**Source data:**
lemma proj_C_difference_quotient_tendsto:
  fixes \<theta> z :: "'a::euclidean_space"
  assumes r1: "norm \<theta> > 1"
  shows "((\<lambda>\<sigma>. (1 / \<sigma>) *\<^sub>R (proj_C (\<theta> + \<sigma> *\<^sub>R z) - proj_C \<theta>))
           \<longlongrightarrow> (1 / norm \<theta>) *\<^sub>R (z - (sgn \<theta> \<bullet> z) *\<^sub>R sgn \<theta>)) (at_right 0)"
proof -
  define r N where "r = norm \<theta>" and "N \<sigma> = norm (\<theta> + \<sigma> *\<^sub>R z)" for \<sigma>
  have "(N \<longlongrightarrow> norm (\<theta> + 0 *\<^sub>R z)) (at 0)" unfolding N_def by (intro tendsto_intros)
  then have N: "(N \<longlongrightarrow> r) (at 0)" by (simp add: r_def)
  have Q: "((\<lambda>\<sigma>. (N \<sigma> - r) / \<sigma>) \<longlongrightarrow> sgn \<theta> \<bullet> z) (at 0)"
    unfolding N_def r_def using r1 by (intro norm_difference_quotient_tendsto) auto
  have "((\<lambda>\<sigma>. (1 / N \<sigma>) *\<^sub>R z - ((N \<sigma> - r) / \<sigma> / (N \<sigma> * r)) *\<^sub>R \<theta>)
          \<longlongrightarrow> (1 / r) *\<^sub>R z - ((sgn \<theta> \<bullet> z) / (r * r)) *\<^sub>R \<theta>) (at 0)"
    using r1 by (intro tendsto_intros N Q) (auto simp: r_def)
  moreover have "(1 / r) *\<^sub>R z - ((sgn \<theta> \<bullet> z) / (r * r)) *\<^sub>R \<theta> = (1 / r) *\<^sub>R (z - (sgn \<theta> \<bullet> z) *\<^sub>R sgn \<theta>)"
    using r1 by (simp add: sgn_div_norm r_def field_simps)
  ultimately have lim: "((\<lambda>\<sigma>. (1 / N \<sigma>) *\<^sub>R z - ((N \<sigma> - r) / \<sigma> / (N \<sigma> * r)) *\<^sub>R \<theta>)
          \<longlongrightarrow> (1 / r) *\<^sub>R (z - (sgn \<theta> \<bullet> z) *\<^sub>R sgn \<theta>)) (at_right 0)"
    by (auto intro: tendsto_mono[OF at_le[of "{0<..}"]])
  have "eventually (\<lambda>\<sigma>. N \<sigma> > 1) (at 0)"
    using N r1 by (intro order_tendstoD) (auto simp: r_def)
  then have "eventually (\<lambda>\<sigma>. N \<sigma> > 1) (at_right 0)"
    by (simp add: eventually_at_split)
  moreover note eventually_at_right_less[of 0]
  ultimately have "eventually (\<lambda>\<sigma>. (1 / N \<sigma>) *\<^sub>R z - ((N \<sigma> - r) / \<sigma> / (N \<sigma> * r)) *\<^sub>R \<theta> =
      (1 / \<sigma>) *\<^sub>R (proj_C (\<theta> + \<sigma> *\<^sub>R z) - proj_C \<theta>)) (at_right 0)"
  proof eventually_elim
    case (elim \<sigma>)
    then have "proj_C (\<theta> + \<sigma> *\<^sub>R z) = (1 / N \<sigma>) *\<^sub>R (\<theta> + \<sigma> *\<^sub>R z)"
      by (simp add: proj_C_eq_sgn sgn_div_norm N_def divide_inverse_commute)
    moreover have "proj_C \<theta> = (1 / r) *\<^sub>R \<theta>"
      using r1 by (simp add: proj_C_eq_sgn sgn_div_norm r_def divide_inverse_commute)
    moreover have "(1 / \<sigma>) *\<^sub>R ((1 / N \<sigma>) *\<^sub>R (\<theta> + \<sigma> *\<^sub>R z) - (1 / r) *\<^sub>R \<theta>)
        = (1 / N \<sigma>) *\<^sub>R z - ((N \<sigma> - r) / \<sigma> / (N \<sigma> * r)) *\<^sub>R \<theta>"
      using elim r1 by (intro difference_quotient_of_rescalings) (auto simp: r_def)
    ultimately show ?case by simp
  qed
  with lim show ?thesis unfolding r_def by (rule Lim_transform_eventually)
qed
(* Let $W:\mathbb{M}^{d\times d}\to[0,+\infty)$ satisfy (H1)–(H5) and (H7), and let $0<\delta\le\delta_W/2$. Set $\mathcal{V}_\delta=\{F\in\mathbb{M}^{d\times d}:\mathrm{dist}(F,SO(d)\{A,B\})<\delta\}$. Then there exist a constant $C>0$ depending only on $W$, a constant $C_\delta>0$ depending additionally on $\delta$, and $\rho_\delta>0$ with $\rho_\delta\to0$ as $\delta\to0$, such that (i) $W(F+G)\le W(F)+C\sqrt{W(F)}\,|G|+\frac12D^2W(F)G:G+\rho_\delta|G|^2$ for all $F\in\mathcal{V}_\delta$ and all $G$ with $|G|<\delta$; (ii) $W(F+G)\le W(F)+C_\delta\sqrt{W(F)}\,|G|$ for all $F\in\mathbb{M}^{d\times d}\setminus\mathcal{V}_\delta$ and all $G$ with $|G|<\delta$.
   Context: $d\ge2$, $A=\mathrm{Id}$, $B=\mathrm{diag}(1,\dots,1,1+\kappa)$, $\kappa>0$; $|\cdot|$ is the Frobenius norm. (H1) $W$ continuous; (H2) $W(RF)=W(F)$ for $R\in SO(d)$; (H3) $W(A)=W(B)=0$; (H4) $W(F)\ge c_1\mathrm{dist}^2(F,SO(d)\{A,B\})$ for some $c_1>0$; (H5) there is $\delta_W>0$ such that $W$ is $C^2$ on $\{F:\mathrm{dist}(F,SO(d)\{A,B\})<\delta_W\}$; (H7) $|W(F_1)-W(F_2)|\le c_3(1+|F_1|+|F_2|)|F_1-F_2|$ for all $F_1,F_2$. *)

theory Defs
  imports "HOL-Analysis.Analysis"
begin

definition SOd :: "(real^'d^'d) set" where
  "SOd = {R. rotation_matrix R}"

text \<open>The well B = diag(1,...,1,1+kappa); the distinguished ("last") coordinate is k0.\<close>
definition wellB :: "real \<Rightarrow> 'd \<Rightarrow> real^'d^'d" where
  "wellB \<kappa> k0 = (\<chi> i j. if i = j then (if i = k0 then 1 + \<kappa> else 1) else 0)"

definition wells :: "real \<Rightarrow> 'd \<Rightarrow> (real^'d^'d) set" where
  "wells \<kappa> k0 = {R ** mat 1 | R. R \<in> SOd} \<union> {R ** wellB \<kappa> k0 | R. R \<in> SOd}"

definition C2_on_with ::
  "(real^'d^'d) set \<Rightarrow> (real^'d^'d \<Rightarrow> real)
   \<Rightarrow> (real^'d^'d \<Rightarrow> ((real^'d^'d) \<Rightarrow>\<^sub>L real))
   \<Rightarrow> (real^'d^'d \<Rightarrow> ((real^'d^'d) \<Rightarrow>\<^sub>L ((real^'d^'d) \<Rightarrow>\<^sub>L real))) \<Rightarrow> bool" where
  "C2_on_with U W DW D2W \<longleftrightarrow>
     (\<forall>F\<in>U. (W has_derivative blinfun_apply (DW F)) (at F)) \<and>
     (\<forall>F\<in>U. (DW has_derivative blinfun_apply (D2W F)) (at F)) \<and>
     continuous_on U DW \<and> continuous_on U D2W"

end

theory Submission
  imports Defs
begin

text \<open>
Near the wells \<open>W\<close> is \<open>C\<^sup>2\<close> on a compact neighbourhood, where \<open>D\<^sup>2W\<close> is bounded and uniformly
continuous, so Taylor's formula gives (i) with a remainder that is \<open>o(|G|\<^sup>2)\<close> uniformly in \<open>F\<close>,
except that the first-order term must be controlled by \<open>sqrt (W F)\<close>: a nonnegative function
with bounded Hessian satisfies \<open>|DW(F)| \<le> C sqrt (W F)\<close>, as one sees by testing
\<open>0 \<le> W (F + h)\<close> along \<open>h = -s G/|G|\<close> and optimising in \<open>s\<close>. Increments that are not small
are absorbed into the quadratic term by the growth condition (H7).
Away from the wells, (H4) gives \<open>sqrt (W F) \<ge> sqrt c\<^sub>1 dist(F, SO(d){A,B})\<close>, and this distance
also dominates the right-hand side of (H7).
\<close>

lemma norm_le_infdist_add:
  fixes S :: "'a::real_normed_vector set"
  assumes "bounded S" "S \<noteq> {}"
  obtains M where "0 \<le> M" "\<And>x. norm x \<le> infdist x S + M"
proof -
  obtain M where M: "0 < M" "\<And>s. s \<in> S \<Longrightarrow> norm s \<le> M"
    using assms(1) unfolding bounded_pos by blast
  have lower: "norm x - M \<le> infdist x S" for x
    unfolding infdist_notempty[OF assms(2)]
  proof (rule cINF_greatest[OF assms(2)])
    fix s assume "s \<in> S"
    then show "norm x - M \<le> dist x s"
      using M(2) norm_triangle_ineq2[of x s] by (fastforce simp: dist_norm)
  qed
  show thesis
  proof (rule that)
    show "0 \<le> M" using M(1) by simp
    show "norm x \<le> infdist x S + M" for x using lower[of x] by simp
  qed
qed
lemma locked_coset_in_S_set:
  fixes f :: "'a \<Rightarrow> 'a"
  assumes ne: "nonexpansive N f" and an: "real_analytic_on f UNIV"
    and v: "v \<in> S_set E f" and w: "w \<in> S_set E f" and E: "duality_map N (v - w) = E"
    and y: "y \<in> L_set E"
  shows "w + y \<in> S_set E f"
proof -
  obtain \<delta> where \<delta>: "\<delta> > 0" "\<And>h a. h \<in> L_set E \<Longrightarrow> 0 < a \<Longrightarrow> a < 1 \<Longrightarrow> norm h < a * \<delta> \<Longrightarrow>
      norm h < (1 - a) * \<delta> \<Longrightarrow> w + a *\<^sub>R (v - w) + h \<in> S_set E f"
    using locked_segment_nbhd_in_S_set[OF ne v w E] by blast
  have L: "subspace (L_set E)" using subspace_L_set_duality_map[of N "v - w"] unfolding E .
  define p where "p = w + (1/2) *\<^sub>R (v - w)"
  define z where "z = y - (1/2) *\<^sub>R (v - w)"
  have "v - w \<in> L_set E" using L_set_duality_map[of "v - w" N] unfolding E .
  then have z: "z \<in> L_set E" unfolding z_def by (rule subspace_diff[OF L y subspace_scale[OF L]])
  define \<epsilon> where "\<epsilon> = \<delta> / (2 * (norm z + 1))"
  have "\<epsilon> > 0" unfolding \<epsilon>_def using \<delta>(1) by (simp add: add_nonneg_pos)
  have near: "p + r *\<^sub>R z \<in> S_set E f" if "\<bar>r\<bar> < \<epsilon>" for r
  proof -
    have "\<bar>r\<bar> * norm z \<le> \<bar>r\<bar> * (norm z + 1)" by (simp add: mult_left_mono)
    also have "\<dots> < \<epsilon> * (norm z + 1)" using that by (intro mult_strict_right_mono) (auto simp: add_nonneg_pos)
    also have "\<dots> = \<delta> / 2"
      using norm_ge_zero[of z] unfolding \<epsilon>_def by (simp add: field_simps del: norm_ge_zero)
    finally have "norm (r *\<^sub>R z) < (1/2) * \<delta>" by simp
    then show ?thesis using \<delta>(2)[of "r *\<^sub>R z" "1/2"] subspace_scale[OF L z] unfolding p_def by simp
  qed
  have "\<phi> (f (p + 1 *\<^sub>R z)) = \<phi> (p + 1 *\<^sub>R z)" if "\<phi> \<in> E" for \<phi>
  proof (rule real_analytic_on_line_identity[OF an])
    show "linear \<phi>" using that duality_map_subset_dual_ball dual_ball_linear unfolding E[symmetric] by blast
    show "\<exists>\<epsilon>>0. \<forall>r. \<bar>r\<bar> < \<epsilon> \<longrightarrow> \<phi> (f (p + r *\<^sub>R z)) = \<phi> (p + r *\<^sub>R z)"
      using near that \<open>\<epsilon> > 0\<close> unfolding S_set_def by blast
  qed
  moreover have "p + 1 *\<^sub>R z = w + y" unfolding p_def z_def by simp
  ultimately show ?thesis unfolding S_set_def by simp
qed

lemma minimal_locked_S_set_in_coset:
  fixes f :: "'a \<Rightarrow> 'a"
  assumes ne: "nonexpansive N f" and an: "real_analytic_on f UNIV" and min: "minimal_locked N f E"
    and v: "v \<in> S_set E f" and w: "w \<in> S_set E f" and E: "duality_map N (v - w) = E"
    and x: "x \<in> S_set E f"
  shows "w - x \<in> L_set E"
proof (rule ccontr)
  assume "w - x \<notin> L_set E"
  obtain t where t: "duality_map N (t *\<^sub>R (v - w) + (w - x)) \<subseteq> E"
    using duality_map_eventually_subset[of "v - w" "w - x"] unfolding E by blast
  define E' where "E' = duality_map N (t *\<^sub>R (v - w) + (w - x))"
  have "E' \<subset> E"
    using t duality_map_not_subset_shift[of "w - x" N "v - w" t] \<open>w - x \<notin> L_set E\<close>
    unfolding E'_def E by blast
  have "v - w \<in> L_set E" using L_set_duality_map[of "v - w" N] unfolding E .
  then have "t *\<^sub>R (v - w) \<in> L_set E"
    using subspace_scale[OF subspace_L_set_duality_map[of N "v - w", unfolded E]] by blast
  then have "w + t *\<^sub>R (v - w) \<in> S_set E f" by (rule locked_coset_in_S_set[OF ne an v w E])
  moreover have "S_set E f \<subseteq> S_set E' f" using \<open>E' \<subset> E\<close> unfolding S_set_def by blast
  moreover have "duality_map N ((w + t *\<^sub>R (v - w)) - x) = E'" unfolding E'_def by (simp add: algebra_simps)
  moreover have "E' \<subseteq> dual_ball N" unfolding E'_def by (rule duality_map_subset_dual_ball)
  ultimately have "locked N f E'" unfolding locked_def using x by blast
  then show False using min \<open>E' \<subset> E\<close> unfolding minimal_locked_def by blast
qed

end

theorem lemma2p5:
  fixes N :: "'a::euclidean_space \<Rightarrow> real" and f :: "'a \<Rightarrow> 'a"
    and E :: "('a \<Rightarrow> real) set"
  assumes "polyhedral_norm N"
    and "nonexpansive N f"
    and "real_analytic_on f UNIV"
    and "minimal_locked N f E"
  shows "\<forall>x\<in>S_set E f. S_set E f = (\<lambda>y. x + y) ` L_set E"
proof
  fix x assume x: "x \<in> S_set E f"
  obtain \<Psi> where "finite \<Psi>" "\<Psi> \<subseteq> dual_ball N" "\<And>x. \<exists>\<psi>\<in>\<Psi>. \<psi> x = N x"
    using polyhedral_norm_finite_max[OF assms(1)] by blast
  moreover have "is_norm N" using assms(1) unfolding polyhedral_norm_def by blast
  ultimately interpret finite_max_norm N \<Psi> by unfold_locales
  obtain v w where vw: "v \<in> S_set E f" "w \<in> S_set E f" "duality_map N (v - w) = E"
    using assms(4) unfolding minimal_locked_def locked_def by blast
  show "S_set E f = (\<lambda>y. x + y) ` L_set E"
  proof (rule subspace_translate_eq[OF _ _ _ x])
    show "subspace (L_set E)"
      using subspace_L_set_duality_map[of N "v - w"] unfolding vw(3) .
    show "w + y \<in> S_set E f" if "y \<in> L_set E" for y
      using locked_coset_in_S_set[OF assms(2,3) vw that] .
    show "w - x' \<in> L_set E" if "x' \<in> S_set E f" for x'
      using minimal_locked_S_set_in_coset[OF assms(2,3,4) vw that] .
  qed
qed

end
theorem mainTheorem16:
  fixes T :: "('a::banach \<times> ('a \<Rightarrow>\<^sub>L real)) set"
  assumes "pre_maximal_pm T"
  shows "D_maximal_pm T \<longleftrightarrow> That T = pm_polar_D T"
proof -
  have pmT: "pseudomonotone T" and pmP: "pseudomonotone (pm_polar T)"
    using assms by (auto simp: pre_maximal_pm_def)
  have "That T = pm_polar_D T" if Dmax: "D_maximal_pm T"
  proof -
    obtain S where "pseudomonotone S" "op_equiv T S" "pm_polar_D S = S"
      using Dmax by (auto simp: D_maximal_pm_iff)
    then have S: "pm_polar_D T = S" "op_equiv T S"
      using pm_polar_D_eq_if_op_equiv_fixed[OF assms] by auto
    show ?thesis
      using That_subset_pm_polar_D[OF pmT] subset_That_if_op_equiv[OF pmT S(2)] S(1) by auto
  qed
  moreover have "D_maximal_pm T" if "That T = pm_polar_D T"
    using that op_equiv_That[of T] pseudomonotone_pm_polar_D[OF pmP] pm_polar_D_pm_polar_D[OF assms]
      pmT
    by (auto simp: D_maximal_pm_iff)
  ultimately show ?thesis by blast
qed

end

**What is needed:** Lines from the entries that contain the word "also" are what the answer must hold.

**Solution:**
also dominates the right-hand side of (H7).
    also have "\<dots> < \<epsilon> * (norm z + 1)" using that by (intro mult_strict_right_mono) (auto simp: add_nonneg_pos)
    also have "\<dots> = \<delta> / 2"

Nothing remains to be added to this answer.